我使用Qt设计器创建了两个不同的窗口,input_window.ui和help_window.ui。这是用于显示输入窗口的python脚本。在输入窗口中,有一个菜单栏(“关于>>帮助”)。单击“帮助”时如何弹出help_window?

  

这是 init .py

import sys
from input_window import Ui_MainWindow
from PyQt5.QtWidgets import QMainWindow, QApplication
from help_window import Ui_Help



class MainWindow(QMainWindow, Ui_MainWindow):
    def __init__(self, parent=None):
        super(MainWindow, self).__init__(parent)
        self.setupUi(self)
        self.Pophelp.triggered.connect(self.Ui_Help)

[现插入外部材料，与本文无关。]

lemma variance_BC_le_adjacent_mass:
  "measure_pmf.variance M (BC n) \<le> 2 * E (BC n) + (\<Sum>e\<in>pairs n. case_prod p e * (adjacent_mass n p e)\<^sup>2)"
proof -
  have "measure_pmf.variance M (BC n)
      = (\<Sum>T\<in>triangles n. \<Sum>T'\<in>triangles n. cov (\<lambda>G. tri_term G T) (\<lambda>G. tri_term G T'))"
    unfolding BC_eq_sum_triangles[abs_def] by (rule variance_sum[OF finite_triangles])
  also have "\<dots> \<le> (\<Sum>T\<in>triangles n. \<Sum>T'\<in>triangles n.
      (if T = T' then 2 * E (\<lambda>G. tri_term G T) else 0)
      + (\<Sum>e\<in>pairs n. case_prod p e * link_weight p T e * link_weight p T' e))"
    by (intro sum_mono cov_tri_term)
  also have "\<dots> = 2 * E (BC n)
      + (\<Sum>T\<in>triangles n. \<Sum>T'\<in>triangles n. \<Sum>e\<in>pairs n. case_prod p e * link_weight p T e * link_weight p T' e)"
    by (simp add: sum.distrib expectation_BC sum_distrib_left finite_triangles)
  also have "(\<Sum>T\<in>triangles n. \<Sum>T'\<in>triangles n. \<Sum>e\<in>pairs n. case_prod p e * link_weight p T e * link_weight p T' e)
      = (\<Sum>e\<in>pairs n. \<Sum>T\<in>triangles n. \<Sum>T'\<in>triangles n. case_prod p e * link_weight p T e * link_weight p T' e)"
    by (subst sum.swap) (simp only: sum.swap[of _ "triangles n" "pairs n"])
  also have "\<dots> = (\<Sum>e\<in>pairs n. case_prod p e * (adjacent_mass n p e)\<^sup>2)"
    unfolding adjacent_mass_def power2_eq_square sum_product by (simp only: sum_distrib_left mult.assoc)
  finally show ?thesis .
qed

lemma sum_other_vertices_eq_exp_degree:
  assumes "i < j" "j < n"
  shows "(\<Sum>c\<in>{..<n} - {i, j}. p i c + p j c) = exp_degree n p i + exp_degree n p j - 2 * p i j"
proof -
  have minus: "{..<n} - {i} - {j} = {..<n} - {i, j}" "{..<n} - {j} - {i} = {..<n} - {i, j}"
    by auto
  have "exp_degree n p i = p i j + (\<Sum>c\<in>{..<n} - {i, j}. p i c)"
    using assms unfolding exp_degree_def minus(1)[symmetric] by (intro sum.remove) auto
  moreover have "exp_degree n p j = p j i + (\<Sum>c\<in>{..<n} - {i, j}. p j c)"
    using assms unfolding exp_degree_def minus(2)[symmetric] by (intro sum.remove) auto
  moreover have "p j i = p i j"
    using assms p_sym[of j i] by simp
  ultimately show ?thesis
    using sum.distrib[of "p i" "p j" "{..<n} - {i, j}"] by linarith
qed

    def help_window(self):
        self.window=Ui_Help()
        self.window.show()

if __name__ == "__main__":
    app = QApplication(sys.argv)
    window = MainWindow()
    window.show()
    sys.exit(app.exec_())

以下是Ui_Help的代码

from PyQt5 import QtCore, QtGui, QtWidgets

class Ui_Help(object):
    def setupUi(self, Help):
        Help.setObjectName("Help")
        Help.resize(251, 99)
        icon = QtGui.QIcon()
        icon.addPixmap(QtGui.QPixmap("logo.png"), QtGui.QIcon.Normal, QtGui.QIcon.Off)
        Help.setWindowIcon(icon)
        self.gridLayoutWidget = QtWidgets.QWidget(Help)
        self.gridLayoutWidget.setGeometry(QtCore.QRect(9, 9, 231, 81))
        self.gridLayoutWidget.setObjectName("gridLayoutWidget")
        self.gridLayout = QtWidgets.QGridLayout(self.gridLayoutWidget)
        self.gridLayout.setContentsMargins(0, 0, 0, 0)
        self.gridLayout.setObjectName("gridLayout")
        self.plainTextEdit = QtWidgets.QPlainTextEdit(self.gridLayoutWidget)
        font = QtGui.QFont()
        font.setFamily("Times New Roman")
        font.setPointSize(10)
        font.setBold(True)
        font.setWeight(75)
        self.plainTextEdit.setFont(font)
        self.plainTextEdit.setFrameShape(QtWidgets.QFrame.WinPanel)
        self.plainTextEdit.setFrameShadow(QtWidgets.QFrame.Sunken)
        self.plainTextEdit.setLineWidth(1)
        self.plainTextEdit.setSizeAdjustPolicy(QtWidgets.QAbstractScrollArea.AdjustIgnored)
        self.plainTextEdit.setReadOnly(True)
        self.plainTextEdit.setObjectName("plainTextEdit")
        self.gridLayout.addWidget(self.plainTextEdit, 0, 0, 1, 1)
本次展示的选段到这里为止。